In the absence of a written partnership agreement to the contrary, SSA was duty-bound to allocate the earnings for unbarred years and divide them equally. As it turned out, both the claimant and her spouse contended they each provided equal labor and contributions to the business from the time they went into business over 20 years ago. (SSR 84-11 does not require an equal contribution, but once a bona fide partnership is established, then the Agency must divide the earnings and allocate proportionally. If there is no written agreement, then the allocation is split evenly).
My client’s spouse had originally provided an SSA-795 (Statement of Claimant or Other Persons) to the FO that the claimant had performed 50% of the work from 2013-2019 as he thought this was all he needed to do. After getting additional information as outlined above, I prepared another statement (I used an equivalent of the SSA-795, which is my own form with essentially the same wording, one I have used for years), for the spouse to sign.
To his credit, the CPA provided a letter acknowledging his error in not preparing tax returns as he had done previously, i.e., returns reflecting equal division of income. He provided detailed information as to their earnings. The statement from the claimant’s spouse and the letter from the CPA went toward clarifying and supporting factual assertions.

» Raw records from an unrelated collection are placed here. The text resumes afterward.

lemma pclass4_subF_00_scale:
  assumes "l \<in> subF q" "l \<noteq> 0"
  shows "pclass4 (subF q) (0, 0, l * x, l * z) = pclass4 (subF q) (0, 0, x, z::'b)"
proof (intro equalityI subsetI)
  fix v assume "v \<in> pclass4 (subF q) (0, 0, l * x, l * z)"
  then obtain m where "m \<in> subF q" "m \<noteq> 0" "v = (0, 0, m * (l * x), m * (l * z))"
    unfolding pclass4_def by auto
  thus "v \<in> pclass4 (subF q) (0, 0, x, z)" unfolding pclass4_def using assms
    by (intro CollectI exI[of _ "m * l"]) (simp add: subF_mult mult.assoc)
next
  fix v assume "v \<in> pclass4 (subF q) (0, 0, x, z)"
  then obtain m where "m \<in> subF q" "m \<noteq> 0" "v = (0, 0, m * x, m * z)"
    unfolding pclass4_def by auto
  thus "v \<in> pclass4 (subF q) (0, 0, l * x, l * z)" unfolding pclass4_def using assms
    by (intro CollectI exI[of _ "m / l"]) (simp add: subF_divide)
qed

lemma card_n0_points:
  fixes w b1 d1 b2 d2 cA cB cC cD :: 'b
  shows "card (n0_points (subF q) w b1 d1 b2 d2 cA cB cC cD) = card {u \<in> P1_reps (subF q).
    cA * fst u ^ 3 + cB * fst u ^ 2 * snd u + cC * fst u * snd u ^ 2 + cD * snd u ^ 3 = 0}"
proof -
  let ?K = "subF q :: 'b set"
  define G where "G x z = cA * x ^ 3 + cB * x ^ 2 * z + cC * x * z ^ 2 + cD * z ^ 3" for x z :: 'b
  define \<pi> where "\<pi> u = pclass4 ?K (0, 0, fst u, snd u)" for u :: "'b \<times> 'b"
  have G_scale: "G (l * x) (l * z) = l ^ 3 * G x z" for l x z
    by (simp add: G_def algebra_simps power3_eq_cube power2_eq_square)
  have "n0_points ?K w b1 d1 b2 d2 cA cB cC cD = \<pi> ` {u \<in> P1_reps ?K. G (fst u) (snd u) = 0}"
  proof (intro equalityI subsetI)
    fix pt assume "pt \<in> n0_points ?K w b1 d1 b2 d2 cA cB cC cD"
    then obtain x z where xz: "pt = pclass4 ?K (0, 0, x, z)" "x \<in> ?K" "z \<in> ?K" "(x, z) \<noteq> (0, 0)"
      "G x z = 0" unfolding n0_points_def by (auto simp: cubicS_def G_def)
    obtain l u where "l \<in> ?K" "l \<noteq> 0" "u \<in> P1_reps ?K" "x = l * fst u" "z = l * snd u"
    proof (cases "x = 0")
      case True
      thus ?thesis using that[of z "(0, 1)"] xz by (simp add: P1_reps_def)
    next
      case False
      thus ?thesis using that[of x "(1, z / x)"] xz by (simp add: P1_reps_def subF_divide)
    qed
    moreover from this have "G (fst u) (snd u) = 0" using xz(5) G_scale by simp
    ultimately show "pt \<in> \<pi> ` {u \<in> P1_reps ?K. G (fst u) (snd u) = 0}"
      using xz(1) pclass4_subF_00_scale by (auto simp: \<pi>_def)
  next
    fix pt assume "pt \<in> \<pi> ` {u \<in> P1_reps ?K. G (fst u) (snd u) = 0}"
    then obtain x z where u: "(x, z) \<in> P1_reps ?K" "G x z = 0" "pt = \<pi> (x, z)" by auto
    show "pt \<in> n0_points ?K w b1 d1 b2 d2 cA cB cC cD"
      unfolding n0_points_def using u P1_reps_subF_in[OF u(1)] P1_reps_nonzero[OF u(1)]
      by (intro CollectI exI[of _ x] exI[of _ z]) (simp add: \<pi>_def cubicS_def G_def)
  qed
  moreover have "inj_on \<pi> (P1_reps ?K)"
  proof (rule inj_onI)
    fix u v assume "u \<in> P1_reps ?K" "v \<in> P1_reps ?K" "\<pi> u = \<pi> v"
    moreover from this obtain l where "fst u = l * fst v" "snd u = l * snd v"
      using pclass4_subF_00_eq_imp unfolding \<pi>_def by blast
    ultimately show "u = v" unfolding P1_reps_def by auto
  qed
  ultimately show ?thesis by (simp add: card_image inj_on_subset[of _ "P1_reps ?K"] G_def)
qed
(* Let $G=(V,E)$ be a graph and $\mathcal{C}$ a weighted Max 2-SAT instance over the node variables $\{X_v\}_{v\in V}$ in which any clause containing literals of two distinct variables $X_u,X_v$ satisfies $(u,v)\in E$, and each vertex knows the clauses containing its variable. Given a legal $c$-coloring of $G$, there is a randomized distributed algorithm in the CONGEST model running in $O(c)$ communication rounds which outputs a truth assignment whose expected satisfied weight is at least $3/4$ of the maximum satisfiable weight.
   Context: Weighted Max 2-SAT: clauses with at most two literals each, with nonnegative weights; maximize the total weight of satisfied clauses. CONGEST: synchronous rounds, $O(\log n)$-bit messages per edge per round. A legal coloring gives adjacent vertices different colors. *)

theory Defs
  imports "HOL-Probability.Probability"
begin

(* A literal is (variable, polarity); variables are node identifiers (nat). *)
type_synonym lit = "nat \<times> bool"
type_synonym clause = "lit list"
type_synonym sat_instance = "(clause \<times> real) list"

definition clause_vars :: "clause \<Rightarrow> nat set" where
  "clause_vars cl = fst ` set cl"

definition sat_clause :: "(nat \<Rightarrow> bool) \<Rightarrow> clause \<Rightarrow> bool" where
  "sat_clause a cl \<longleftrightarrow> (\<exists>(x, p) \<in> set cl. a x = p)"

definition sat_weight :: "sat_instance \<Rightarrow> (nat \<Rightarrow> bool) \<Rightarrow> real" where
  "sat_weight C a = sum_list (map (\<lambda>(cl, w). if sat_clause a cl then w else 0) C)"
lemma balanced_first_excursion:
  assumes "balanced Y" "Y \<noteq> []"
  obtains r where "0 < r" "r \<le> length Y" "excursion (take r Y)" "balanced (drop r Y)"
proof -
  define r where "r = (LEAST r. 0 < r \<and> height Y r = 0)"
  have ex: "0 < length Y \<and> height Y (length Y) = 0"
    using assms balanced_height_length by auto
  have r: "0 < r \<and> height Y r = 0" unfolding r_def by (rule LeastI_ex) (use ex in blast)
  have r_le: "r \<le> length Y" unfolding r_def by (rule Least_le) (use ex in blast)
  have pos: "0 < height Y i" if "0 < i" "i < r" for i
    using not_less_Least[of i "\<lambda>r. 0 < r \<and> height Y r = 0"] that balanced_height_nonneg[OF assms(1), of i]
    unfolding r_def by auto
  have "excursion (take r Y)"
    unfolding excursion_def using r r_le pos assms(2) height_take[of _ r Y] by auto
  moreover have "balanced (drop r Y)"
    using balanced_take_drop(2)[OF assms(1) r_le] r by simp
  ultimately show thesis using r r_le that by blast
qed

lemma balanced_first_return:
  assumes "balanced P" "P \<noteq> []"
  obtains X Y where "P = True # X @ False # Y" "balanced X" "balanced Y"
proof -
  obtain r where r: "excursion (take r P)" "balanced (drop r P)"
    using balanced_first_excursion[OF assms] by blast
  obtain X where X: "take r P = True # X @ [False]" "balanced X"
    using excursion_shape[OF r(1)] by blast
  have "P = True # X @ False # drop r P"
    using X(1) by (metis append_take_drop_id append.assoc append_Cons append_Nil)
  with X r that show thesis by blast
qed

lemma tamari_step_length: "tamari_step P Q \<Longrightarrow> length Q = length P"
  unfolding tamari_step_def by auto

lemma tamari_steps_length: "tamari_step\<^sup>*\<^sup>* P Q \<Longrightarrow> length Q = length P"
  by (induction rule: rtranclp_induct) (auto dest: tamari_step_length)

lemma tamari_move_height:
  assumes "excursion e"
  shows "height (A @ False # e @ B) i \<le> height (A @ e @ False # B) i"
    and "i \<le> length A \<or> length A + length e + 1 \<le> i \<Longrightarrow>
         height (A @ False # e @ B) i = height (A @ e @ False # B) i"
proof -
  have e0: "height e (length e) = 0"
    using assms unfolding excursion_def by auto
  have key: "height (False # e @ B) k \<le> height (e @ False # B) k
     \<and> (length e + 1 \<le> k \<longrightarrow> height (False # e @ B) k = height (e @ False # B) k)" for k
  proof (cases k)
    case (Suc k')
    show ?thesis
    proof (cases "k' < length e")
      case True
      with Suc height_Suc_ge[of e k'] show ?thesis by (auto simp: height_append)
    next
      case False
      then obtain m where "k' = length e + m" by (metis le_add_diff_inverse not_less)
      with Suc e0 show ?thesis by (cases m) (auto simp: height_append)
    qed
  qed simp
  show "height (A @ False # e @ B) i \<le> height (A @ e @ False # B) i"
    and "i \<le> length A \<or> length A + length e + 1 \<le> i \<Longrightarrow>
         height (A @ False # e @ B) i = height (A @ e @ False # B) i"
    using key[of "i - length A"] by (auto simp: height_append)
qed

lemma tamari_steps_height_le: "tamari_step\<^sup>*\<^sup>* P Q \<Longrightarrow> height P i \<le> height Q i"
proof (induction rule: rtranclp_induct)
  case (step Q R)
  then show ?case
    unfolding tamari_step_def using tamari_move_height(1) by (blast intro: order_trans)
qed simp

lemma tamari_steps_balanced: "tamari_step\<^sup>*\<^sup>* P Q \<Longrightarrow> balanced P \<Longrightarrow> balanced Q"
proof (induction rule: rtranclp_induct)
  case (step Q R)
  then obtain A e B where Q: "Q = A @ False # e @ B" and e: "excursion e" and R: "R = A @ e @ False # B"
    unfolding tamari_step_def by blast
  have "height R (length R) = height Q (length Q)"
    using tamari_move_height(2)[OF e, of "length R" A B] Q R by simp
  moreover have "0 \<le> height R i" for i
    using step balanced_height_nonneg tamari_move_height(1)[OF e, of A B i] Q R by (metis order_trans)
  ultimately show ?case
    using step balanced_height_length unfolding balanced_def by simp
qed

lemma tamari_step_append_cong: "tamari_step S S' \<Longrightarrow> tamari_step (A @ S @ B) (A @ S' @ B)"
  unfolding tamari_step_def by (metis append.assoc append_Cons)

lemma tamari_steps_append_cong:
  "tamari_step\<^sup>*\<^sup>* S S' \<Longrightarrow> tamari_step\<^sup>*\<^sup>* (A @ S @ B) (A @ S' @ B)"
  by (induction rule: rtranclp_induct) (auto intro: rtranclp.rtrancl_into_rtrancl tamari_step_append_cong)

lemma tamari_move_no_contact_inside:
  assumes e: "excursion e" and Q: "balanced (A @ e @ False # B)"
    and k: "length A < k" "k \<le> length A + length e"
  shows "height (A @ e @ False # B) k \<noteq> 0"
proof -
  let ?Q = "A @ e @ False # B" and ?h = "height A (length A)"
  have hk: "height ?Q k = ?h + height e (k - length A)"
    using k by (simp add: height_append)
  have "0 \<le> ?h"
    using balanced_height_nonneg[OF Q, of "length A"] by (simp add: height_append)
  show ?thesis
  proof (cases "k < length A + length e")
    case True
    then have "0 < height e (k - length A)" using e k unfolding excursion_def by auto
    with hk \<open>0 \<le> ?h\<close> show ?thesis by simp
  next
    case False
    then have "k = length A + length e" using k by simp
    moreover have "0 \<le> height ?Q (Suc (length A + length e))"
      by (rule balanced_height_nonneg[OF Q])
    ultimately show ?thesis
      using hk e unfolding excursion_def by (simp add: height_append)
  qed
qed

lemma tamari_steps_split_at_contact:
  "tamari_step\<^sup>*\<^sup>* P Q \<Longrightarrow> balanced P \<Longrightarrow> k \<le> length Q \<Longrightarrow> height Q k = 0 \<Longrightarrow>
   \<exists>P1 P2. P = P1 @ P2 \<and> length P1 = k \<and> tamari_step\<^sup>*\<^sup>* P1 (take k Q) \<and> tamari_step\<^sup>*\<^sup>* P2 (drop k Q)"
proof (induction Q arbitrary: k rule: rtranclp_induct)
  case base
  then show ?case by (intro exI[where x="take k P"] exI[where x="drop k P"]) auto
next
  case (step Q0 Q)
  then obtain A e B where Q0: "Q0 = A @ False # e @ B" and e: "excursion e"
    and Q: "Q = A @ e @ False # B"
    unfolding tamari_step_def by blast
  have "balanced Q"
    using tamari_steps_balanced[OF rtranclp.rtrancl_into_rtrancl[OF step.hyps]] step.prems by simp
  then have outside: "k \<le> length A \<or> length A + length e + 1 \<le> k"
    using tamari_move_no_contact_inside[OF e, of A B k] step.prems Q by fastforce
  then have "height Q0 k = 0"
    using tamari_move_height(2)[OF e, of k A B] Q0 Q step.prems by simp
  with step.IH[of k] step.prems Q0 Q obtain P1 P2 where
    P: "P = P1 @ P2" "length P1 = k" and
    steps: "tamari_step\<^sup>*\<^sup>* P1 (take k Q0)" "tamari_step\<^sup>*\<^sup>* P2 (drop k Q0)"
    by auto
  from outside show ?case
  proof
    assume "k \<le> length A"
    then have "take k Q0 = take k Q" and "tamari_step (drop k Q0) (drop k Q)"
      using Q0 Q e unfolding tamari_step_def by auto
    with P steps show ?thesis by (metis rtranclp.rtrancl_into_rtrancl)
  next
    assume "length A + length e + 1 \<le> k"
    then obtain m where m: "k = length A + length e + 1 + m" by (metis le_Suc_ex)
    then have "drop k Q0 = drop k Q" and "tamari_step (take k Q0) (take k Q)"
      using Q0 Q e unfolding tamari_step_def by auto
    with P steps show ?thesis by (metis rtranclp.rtrancl_into_rtrancl)
  qed
qed

lemma excursion_inside_balanced:
  assumes Z0: "balanced (A @ False # Z)" and eq: "Z @ False # W = e @ B" and e: "excursion e"
  obtains Z' where "Z = e @ Z'" and "B = Z' @ False # W"
proof -
  have "1 \<le> height A (length A)"
    using balanced_height_nonneg[OF Z0, of "Suc (length A)"] by (simp add: height_append)
  then have hZ: "height Z (length Z) \<le> 0"
    using balanced_height_length[OF Z0] by (simp add: height_append)
  have "length e \<le> length Z"
  proof (rule ccontr)
    assume "\<not> length e \<le> length Z"
    then have "e = Z @ False # drop (Suc (length Z)) e"
      by (intro append_Cons_eq_append_longer[OF eq]) simp
    then obtain e2 where "e = Z @ False # e2" by blast
    then have "height e (Suc (length Z)) = height Z (length Z) - 1"
      by (simp add: height_append)
    with hZ excursion_height_nonneg[OF e, of "Suc (length Z)"] show False by simp
  qed
  with eq[symmetric] have "e = take (length e) Z" and "B = drop (length e) Z @ False # W"
    unfolding append_eq_append_conv_if by auto
  then show thesis by (metis that append_take_drop_id)
qed

lemma tamari_move_inside_balanced:
  assumes eq: "A @ False # e @ B = Z @ False # W" and "length A < length Z"
    and Z: "balanced Z" and e: "excursion e"
  obtains Z' where "tamari_step Z Z'" and "A @ e @ False # B = Z' @ False # W"
proof -
  define Z2 where "Z2 = drop (Suc (length A)) Z"
  have Z_eq: "Z = A @ False # Z2"
    unfolding Z2_def by (rule append_Cons_eq_append_longer[OF eq assms(2)])
  have "Z2 @ False # W = e @ B" using eq unfolding Z_eq by simp
  then obtain Z3 where "Z2 = e @ Z3" and "B = Z3 @ False # W"
    using excursion_inside_balanced[OF _ _ e] Z unfolding Z_eq by blast
  with e show thesis by (intro that[of "A @ e @ False # Z3"]) (auto simp: tamari_step_def Z_eq)
qed

lemma tamari_steps_first_return:
  "tamari_step\<^sup>*\<^sup>* R R' \<Longrightarrow> R = True # Z @ False # W \<Longrightarrow> balanced Z \<Longrightarrow>
   \<exists>Z' W'. R' = True # Z' @ False # W' \<and> balanced Z' \<and> tamari_step\<^sup>*\<^sup>* (Z @ W) (Z' @ W')"
proof (induction R' rule: rtranclp_induct)
  case (step R0 R')
  then obtain Z0 W0 where R0: "R0 = True # Z0 @ False # W0" and Z0: "balanced Z0"
    and steps: "tamari_step\<^sup>*\<^sup>* (Z @ W) (Z0 @ W0)"
    by blast
  from step.hyps(2) obtain A e B where R0': "R0 = A @ False # e @ B" and e: "excursion e"
    and R': "R' = A @ e @ False # B"
    unfolding tamari_step_def by blast
  obtain A' where A: "A = True # A'" using R0 R0' by (cases A) auto
  have eq: "Z0 @ False # W0 = A' @ False # e @ B" using R0 R0' A by simp
  consider (inside) "length A' < length Z0" | (at_return) "length A' = length Z0"
    | (after) "length Z0 < length A'" by linarith
  then show ?case
  proof cases
    case inside
    then obtain Z' where move: "tamari_step Z0 Z'" and R'_eq: "A' @ e @ False # B = Z' @ False # W0"
      using tamari_move_inside_balanced[OF eq[symmetric] _ Z0 e] by blast
    have "balanced Z'" by (rule tamari_steps_balanced[OF r_into_rtranclp[of tamari_step, OF move] Z0])
    moreover have "R' = True # Z' @ False # W0" using R' A R'_eq by simp
    moreover have "tamari_step (Z0 @ W0) (Z' @ W0)"
      using tamari_step_append_cong[OF move, of "[]" W0] by simp
    ultimately show ?thesis using steps by (blast intro: rtranclp.rtrancl_into_rtrancl)
  next
    case at_return
    then have "A' = Z0" and W0: "W0 = e @ B" using eq by auto
    moreover have "balanced (Z0 @ e)" using balanced_append[OF Z0 excursion_balanced[OF e]] .
    ultimately show ?thesis using R' A steps by (intro exI[of _ "Z0 @ e"] exI[of _ B]) simp
  next
    case after
    define A2 where "A2 = drop (Suc (length Z0)) A'"
    have A'_eq: "A' = Z0 @ False # A2"
      unfolding A2_def by (rule append_Cons_eq_append_longer[OF eq]) (use after in simp)
    have W0: "W0 = A2 @ False # e @ B" using eq unfolding A'_eq by simp
    have move: "tamari_step W0 (A2 @ e @ False # B)"
      unfolding tamari_step_def W0 using e by blast
    have "R' = True # Z0 @ False # (A2 @ e @ False # B)" using R' A A'_eq by simp
    moreover have "tamari_step (Z0 @ W0) (Z0 @ A2 @ e @ False # B)"
      using tamari_step_append_cong[OF move, of Z0 "[]"] by simp
    ultimately show ?thesis using Z0 steps by (blast intro: rtranclp.rtrancl_into_rtrancl)
  qed
qed blast

lemma tamari_steps_down_past_balanced:
  "balanced Y \<Longrightarrow> tamari_step\<^sup>*\<^sup>* (A @ False # Y @ B) (A @ Y @ False # B)"
proof (induction "length Y" arbitrary: Y A rule: less_induct)
  case less
  show ?case
  proof (cases "Y = []")
    case False
    then obtain r where r: "0 < r" "excursion (take r Y)" "balanced (drop r Y)"
      using balanced_first_excursion[OF less.prems] by blast
    define e Y2 where "e = take r Y" and "Y2 = drop r Y"
    have move: "tamari_step (A @ False # e @ (Y2 @ B)) ((A @ e) @ False # Y2 @ B)"
      unfolding tamari_step_def using r(2) e_def by auto
    have "length Y2 < length Y" unfolding Y2_def using r(1) False by simp
    then have "tamari_step\<^sup>*\<^sup>* ((A @ e) @ False # Y2 @ B) ((A @ e) @ Y2 @ False # B)"
      using less.hyps r(3) Y2_def by blast
    moreover have "Y = e @ Y2" unfolding e_def Y2_def by simp
    ultimately show ?thesis using move by (simp add: converse_rtranclp_into_rtranclp)
  qed simp
qed

definition contacts :: "bool list \<Rightarrow> nat set" where
  "contacts P = {j. j \<le> length P \<and> height P j = 0}"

Utilizing HALLEX I-2-5-74 Obtaining Earnings Record Information, the ALJ reached out to the FO, which produced a Report of Contact. The ALJ had sent my response to her first proffer to the FO. The FO agreed with my arguments.
There was further communication with the ALJ, the FO, and me on technical factors to clarify the allocation, which resulted in 2 more proffers and responses. The ALJ issued a fully favorable decision finding that there was a valid partnership agreement and the earnings for the unbarred years should be allocated equally between the claimant and her spouse. The ALJ found the claimant to have insured status.
The claim was returned to the FO and then to DDS for development. The claim was approved at the initial level without further appeals being needed. My client and her spouse were immensely grateful. Waxing philosophically for the moment, it was another gratifying reinforcement of the work we representatives do for disabled individuals and for those of us of a certain age can continue to do even in the twilight of our careers.
I have made available various redacted documents I have alluded to in this article.
This is a guest column. The views expressed in this column are the views of the author alone, and do not represent the views of NOSSCR, NOSSCR’s leadership, or NOSSCR’s staff.